== AIM OF THE EXERCISE ==
Please give back, word for word, each line from the start of the entries through the one in which "(\<lambda>_. measure_pmf (bernoulli_pmf p)))" is found.

== TASK MATERIAL ==
● ● ● ●

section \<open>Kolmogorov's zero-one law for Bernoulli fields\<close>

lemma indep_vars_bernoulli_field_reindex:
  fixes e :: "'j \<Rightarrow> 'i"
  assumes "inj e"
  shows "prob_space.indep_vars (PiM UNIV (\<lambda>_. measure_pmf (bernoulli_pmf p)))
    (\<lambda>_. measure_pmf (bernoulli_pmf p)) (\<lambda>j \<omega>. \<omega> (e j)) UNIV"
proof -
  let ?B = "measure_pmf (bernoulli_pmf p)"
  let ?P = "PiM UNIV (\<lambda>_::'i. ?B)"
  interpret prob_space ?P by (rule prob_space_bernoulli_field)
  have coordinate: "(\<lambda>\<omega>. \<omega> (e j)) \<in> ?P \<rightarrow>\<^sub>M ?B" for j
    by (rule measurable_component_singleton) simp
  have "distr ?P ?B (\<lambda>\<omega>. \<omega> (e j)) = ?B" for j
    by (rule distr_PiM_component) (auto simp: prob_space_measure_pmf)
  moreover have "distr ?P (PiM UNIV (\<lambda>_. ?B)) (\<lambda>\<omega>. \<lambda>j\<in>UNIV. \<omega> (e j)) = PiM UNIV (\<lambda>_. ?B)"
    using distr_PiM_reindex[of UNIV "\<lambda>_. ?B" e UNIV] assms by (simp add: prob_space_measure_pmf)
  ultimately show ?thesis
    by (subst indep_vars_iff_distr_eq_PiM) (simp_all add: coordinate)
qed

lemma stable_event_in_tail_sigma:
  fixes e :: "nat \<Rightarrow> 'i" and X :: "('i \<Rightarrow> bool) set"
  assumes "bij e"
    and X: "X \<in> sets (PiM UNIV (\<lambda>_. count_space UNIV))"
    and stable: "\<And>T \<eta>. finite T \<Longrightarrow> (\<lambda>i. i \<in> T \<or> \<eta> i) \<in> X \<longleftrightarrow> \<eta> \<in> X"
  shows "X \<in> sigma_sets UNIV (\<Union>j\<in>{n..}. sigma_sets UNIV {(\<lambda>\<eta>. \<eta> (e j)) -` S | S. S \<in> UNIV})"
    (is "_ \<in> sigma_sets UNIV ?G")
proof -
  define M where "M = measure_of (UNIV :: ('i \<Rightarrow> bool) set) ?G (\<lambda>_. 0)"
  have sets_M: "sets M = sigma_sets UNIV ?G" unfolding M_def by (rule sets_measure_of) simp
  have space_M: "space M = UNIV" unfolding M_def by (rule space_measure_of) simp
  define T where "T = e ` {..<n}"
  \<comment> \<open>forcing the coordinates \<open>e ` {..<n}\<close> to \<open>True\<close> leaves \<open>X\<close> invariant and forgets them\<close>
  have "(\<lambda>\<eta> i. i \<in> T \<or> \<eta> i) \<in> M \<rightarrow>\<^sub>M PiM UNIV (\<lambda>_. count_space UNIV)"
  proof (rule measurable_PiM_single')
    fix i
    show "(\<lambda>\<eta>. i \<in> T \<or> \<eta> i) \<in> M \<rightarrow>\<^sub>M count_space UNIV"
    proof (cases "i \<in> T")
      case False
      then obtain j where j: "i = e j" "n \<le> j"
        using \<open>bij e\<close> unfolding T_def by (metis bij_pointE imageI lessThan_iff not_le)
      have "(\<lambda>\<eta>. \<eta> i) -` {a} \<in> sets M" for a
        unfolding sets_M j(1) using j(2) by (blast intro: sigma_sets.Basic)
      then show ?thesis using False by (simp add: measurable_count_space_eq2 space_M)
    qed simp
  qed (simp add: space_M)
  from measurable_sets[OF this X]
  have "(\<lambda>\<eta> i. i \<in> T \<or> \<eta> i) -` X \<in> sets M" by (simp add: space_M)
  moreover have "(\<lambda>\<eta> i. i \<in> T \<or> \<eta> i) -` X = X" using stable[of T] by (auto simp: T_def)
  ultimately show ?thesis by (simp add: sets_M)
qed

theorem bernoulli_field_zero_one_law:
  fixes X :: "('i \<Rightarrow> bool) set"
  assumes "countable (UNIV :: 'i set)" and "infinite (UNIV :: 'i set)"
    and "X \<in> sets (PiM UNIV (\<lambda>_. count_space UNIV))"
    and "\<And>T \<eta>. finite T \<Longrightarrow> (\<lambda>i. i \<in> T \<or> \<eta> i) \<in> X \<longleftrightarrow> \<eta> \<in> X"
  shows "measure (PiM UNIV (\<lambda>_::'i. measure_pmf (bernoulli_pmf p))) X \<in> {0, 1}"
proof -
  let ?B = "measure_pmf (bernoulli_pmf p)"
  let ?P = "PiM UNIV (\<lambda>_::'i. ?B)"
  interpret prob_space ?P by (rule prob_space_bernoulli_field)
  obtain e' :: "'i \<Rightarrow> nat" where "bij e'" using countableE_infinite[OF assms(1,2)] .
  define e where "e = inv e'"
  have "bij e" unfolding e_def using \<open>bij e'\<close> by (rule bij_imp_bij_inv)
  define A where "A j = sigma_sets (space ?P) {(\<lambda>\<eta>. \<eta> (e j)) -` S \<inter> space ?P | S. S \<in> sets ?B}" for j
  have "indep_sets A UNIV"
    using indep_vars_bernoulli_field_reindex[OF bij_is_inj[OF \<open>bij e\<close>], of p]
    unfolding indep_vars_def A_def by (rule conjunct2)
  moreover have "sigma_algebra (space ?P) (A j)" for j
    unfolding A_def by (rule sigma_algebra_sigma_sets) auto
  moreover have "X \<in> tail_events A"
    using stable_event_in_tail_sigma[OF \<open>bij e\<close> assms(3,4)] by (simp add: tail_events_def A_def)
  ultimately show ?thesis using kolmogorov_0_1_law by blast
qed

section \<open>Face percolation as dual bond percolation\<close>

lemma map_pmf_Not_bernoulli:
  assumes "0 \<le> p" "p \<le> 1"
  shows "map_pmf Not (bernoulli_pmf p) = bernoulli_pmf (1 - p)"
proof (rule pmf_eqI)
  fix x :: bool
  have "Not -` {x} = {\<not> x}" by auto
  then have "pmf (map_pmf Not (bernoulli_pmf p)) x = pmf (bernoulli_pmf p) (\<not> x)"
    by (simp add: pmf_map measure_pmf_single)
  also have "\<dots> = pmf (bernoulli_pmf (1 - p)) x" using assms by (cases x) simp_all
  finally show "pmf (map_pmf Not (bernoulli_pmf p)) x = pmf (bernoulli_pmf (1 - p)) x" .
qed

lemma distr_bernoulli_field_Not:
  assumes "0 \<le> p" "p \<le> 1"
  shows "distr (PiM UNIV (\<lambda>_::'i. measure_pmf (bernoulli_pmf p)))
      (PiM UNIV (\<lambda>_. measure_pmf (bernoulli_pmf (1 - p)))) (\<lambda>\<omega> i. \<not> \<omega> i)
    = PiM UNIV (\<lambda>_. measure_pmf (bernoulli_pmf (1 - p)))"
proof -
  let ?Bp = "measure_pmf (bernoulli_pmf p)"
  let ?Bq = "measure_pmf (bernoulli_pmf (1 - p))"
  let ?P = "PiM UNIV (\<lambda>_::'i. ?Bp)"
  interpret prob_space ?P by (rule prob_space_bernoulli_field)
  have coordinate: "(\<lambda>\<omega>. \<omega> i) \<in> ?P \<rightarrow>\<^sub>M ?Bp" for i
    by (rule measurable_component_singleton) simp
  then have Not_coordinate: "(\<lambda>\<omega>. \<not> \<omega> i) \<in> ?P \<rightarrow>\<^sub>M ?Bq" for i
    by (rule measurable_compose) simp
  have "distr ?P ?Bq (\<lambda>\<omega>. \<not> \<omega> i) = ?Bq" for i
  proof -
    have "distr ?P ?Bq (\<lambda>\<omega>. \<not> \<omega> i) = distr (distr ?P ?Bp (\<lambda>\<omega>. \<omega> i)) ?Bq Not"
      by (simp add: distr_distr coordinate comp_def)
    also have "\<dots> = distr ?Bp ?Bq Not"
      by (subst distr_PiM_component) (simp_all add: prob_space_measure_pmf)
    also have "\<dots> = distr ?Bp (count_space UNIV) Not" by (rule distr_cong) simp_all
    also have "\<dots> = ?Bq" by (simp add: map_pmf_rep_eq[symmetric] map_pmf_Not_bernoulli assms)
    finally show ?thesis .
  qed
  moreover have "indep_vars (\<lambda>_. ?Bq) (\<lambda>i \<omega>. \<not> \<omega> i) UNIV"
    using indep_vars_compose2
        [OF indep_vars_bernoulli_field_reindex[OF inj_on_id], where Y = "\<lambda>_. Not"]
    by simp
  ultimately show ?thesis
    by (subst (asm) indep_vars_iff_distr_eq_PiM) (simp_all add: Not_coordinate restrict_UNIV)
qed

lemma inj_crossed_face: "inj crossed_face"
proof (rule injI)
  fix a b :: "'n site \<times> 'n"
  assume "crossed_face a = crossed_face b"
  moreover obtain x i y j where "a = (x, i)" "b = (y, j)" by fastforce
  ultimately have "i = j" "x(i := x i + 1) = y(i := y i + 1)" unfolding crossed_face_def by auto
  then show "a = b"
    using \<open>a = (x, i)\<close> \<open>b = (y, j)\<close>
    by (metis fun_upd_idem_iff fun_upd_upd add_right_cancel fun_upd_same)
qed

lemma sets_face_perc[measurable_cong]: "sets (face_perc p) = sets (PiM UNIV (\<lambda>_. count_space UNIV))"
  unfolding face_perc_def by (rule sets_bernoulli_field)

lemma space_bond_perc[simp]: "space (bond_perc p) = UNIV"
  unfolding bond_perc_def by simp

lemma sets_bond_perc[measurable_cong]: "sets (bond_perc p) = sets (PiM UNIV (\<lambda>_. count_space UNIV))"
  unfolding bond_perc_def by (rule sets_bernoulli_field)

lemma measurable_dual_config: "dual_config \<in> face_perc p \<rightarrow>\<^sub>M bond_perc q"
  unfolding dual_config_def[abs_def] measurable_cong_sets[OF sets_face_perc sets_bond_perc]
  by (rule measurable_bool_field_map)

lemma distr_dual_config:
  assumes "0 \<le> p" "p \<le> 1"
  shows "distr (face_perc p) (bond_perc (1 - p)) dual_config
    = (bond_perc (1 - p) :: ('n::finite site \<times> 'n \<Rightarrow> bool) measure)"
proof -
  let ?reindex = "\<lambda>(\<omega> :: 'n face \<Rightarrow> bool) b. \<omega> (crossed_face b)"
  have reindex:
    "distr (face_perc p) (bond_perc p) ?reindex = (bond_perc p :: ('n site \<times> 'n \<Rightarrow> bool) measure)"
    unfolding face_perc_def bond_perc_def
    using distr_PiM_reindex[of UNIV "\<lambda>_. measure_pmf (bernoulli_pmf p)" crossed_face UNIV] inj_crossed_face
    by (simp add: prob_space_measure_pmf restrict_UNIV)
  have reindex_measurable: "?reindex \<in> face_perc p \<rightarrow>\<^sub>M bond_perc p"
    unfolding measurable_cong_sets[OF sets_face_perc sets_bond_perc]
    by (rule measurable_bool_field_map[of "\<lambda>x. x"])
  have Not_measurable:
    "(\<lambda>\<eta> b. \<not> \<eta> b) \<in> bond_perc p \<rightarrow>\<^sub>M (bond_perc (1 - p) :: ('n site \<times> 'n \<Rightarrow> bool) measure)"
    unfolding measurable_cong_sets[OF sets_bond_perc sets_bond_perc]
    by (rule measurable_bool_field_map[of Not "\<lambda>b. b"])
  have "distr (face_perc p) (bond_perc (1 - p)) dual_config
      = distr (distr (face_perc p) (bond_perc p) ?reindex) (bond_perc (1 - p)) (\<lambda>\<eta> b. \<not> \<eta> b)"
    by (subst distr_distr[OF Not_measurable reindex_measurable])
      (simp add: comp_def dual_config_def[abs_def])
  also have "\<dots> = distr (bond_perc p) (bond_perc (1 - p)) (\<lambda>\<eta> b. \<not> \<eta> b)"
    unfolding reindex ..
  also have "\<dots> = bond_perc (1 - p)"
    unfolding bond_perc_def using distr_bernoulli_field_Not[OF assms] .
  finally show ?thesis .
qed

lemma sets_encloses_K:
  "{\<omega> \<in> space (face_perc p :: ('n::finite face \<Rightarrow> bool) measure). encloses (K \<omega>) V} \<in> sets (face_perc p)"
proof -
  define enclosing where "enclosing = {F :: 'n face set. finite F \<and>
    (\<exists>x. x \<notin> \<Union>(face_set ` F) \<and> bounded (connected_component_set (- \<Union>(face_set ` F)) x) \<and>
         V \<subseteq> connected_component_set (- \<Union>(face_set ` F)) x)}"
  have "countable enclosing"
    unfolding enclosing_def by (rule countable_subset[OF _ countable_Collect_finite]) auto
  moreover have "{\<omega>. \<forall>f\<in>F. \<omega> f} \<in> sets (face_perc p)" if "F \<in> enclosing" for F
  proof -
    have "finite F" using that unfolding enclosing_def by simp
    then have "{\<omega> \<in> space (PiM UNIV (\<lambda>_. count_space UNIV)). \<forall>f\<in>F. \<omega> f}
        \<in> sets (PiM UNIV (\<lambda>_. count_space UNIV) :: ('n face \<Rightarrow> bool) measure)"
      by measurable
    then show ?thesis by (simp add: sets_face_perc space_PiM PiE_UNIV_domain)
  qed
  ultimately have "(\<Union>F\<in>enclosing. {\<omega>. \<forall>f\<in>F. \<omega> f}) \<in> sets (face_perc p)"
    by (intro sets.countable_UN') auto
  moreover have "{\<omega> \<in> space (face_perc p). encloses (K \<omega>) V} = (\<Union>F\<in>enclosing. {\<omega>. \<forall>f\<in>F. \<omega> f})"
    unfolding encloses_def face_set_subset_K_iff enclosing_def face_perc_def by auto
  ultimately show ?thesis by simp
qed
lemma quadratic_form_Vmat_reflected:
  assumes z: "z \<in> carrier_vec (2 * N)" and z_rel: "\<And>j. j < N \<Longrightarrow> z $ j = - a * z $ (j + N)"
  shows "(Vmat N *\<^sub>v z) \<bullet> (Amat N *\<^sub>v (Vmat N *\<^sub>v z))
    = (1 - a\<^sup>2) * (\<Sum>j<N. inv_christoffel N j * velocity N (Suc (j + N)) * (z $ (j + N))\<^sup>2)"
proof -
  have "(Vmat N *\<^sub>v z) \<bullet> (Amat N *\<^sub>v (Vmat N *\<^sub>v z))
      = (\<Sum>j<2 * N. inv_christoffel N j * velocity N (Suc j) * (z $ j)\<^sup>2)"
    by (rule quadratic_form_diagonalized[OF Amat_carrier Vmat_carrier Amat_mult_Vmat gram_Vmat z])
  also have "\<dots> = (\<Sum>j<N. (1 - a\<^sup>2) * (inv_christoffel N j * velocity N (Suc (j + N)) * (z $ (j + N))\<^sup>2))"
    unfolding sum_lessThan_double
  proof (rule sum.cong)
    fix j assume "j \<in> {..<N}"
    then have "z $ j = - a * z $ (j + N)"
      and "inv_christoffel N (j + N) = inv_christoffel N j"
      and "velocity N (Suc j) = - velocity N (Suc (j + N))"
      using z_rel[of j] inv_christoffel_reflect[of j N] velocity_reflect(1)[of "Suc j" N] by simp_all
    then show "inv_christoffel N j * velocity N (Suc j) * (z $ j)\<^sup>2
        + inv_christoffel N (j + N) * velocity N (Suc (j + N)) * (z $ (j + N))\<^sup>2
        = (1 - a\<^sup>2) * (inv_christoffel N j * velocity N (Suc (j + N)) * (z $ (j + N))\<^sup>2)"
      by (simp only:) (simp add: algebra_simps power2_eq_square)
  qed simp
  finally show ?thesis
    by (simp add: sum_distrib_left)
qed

● ● ● ●

== EXPECTED ANSWER ==
section \<open>Kolmogorov's zero-one law for Bernoulli fields\<close>

lemma indep_vars_bernoulli_field_reindex:
  fixes e :: "'j \<Rightarrow> 'i"
  assumes "inj e"
  shows "prob_space.indep_vars (PiM UNIV (\<lambda>_. measure_pmf (bernoulli_pmf p)))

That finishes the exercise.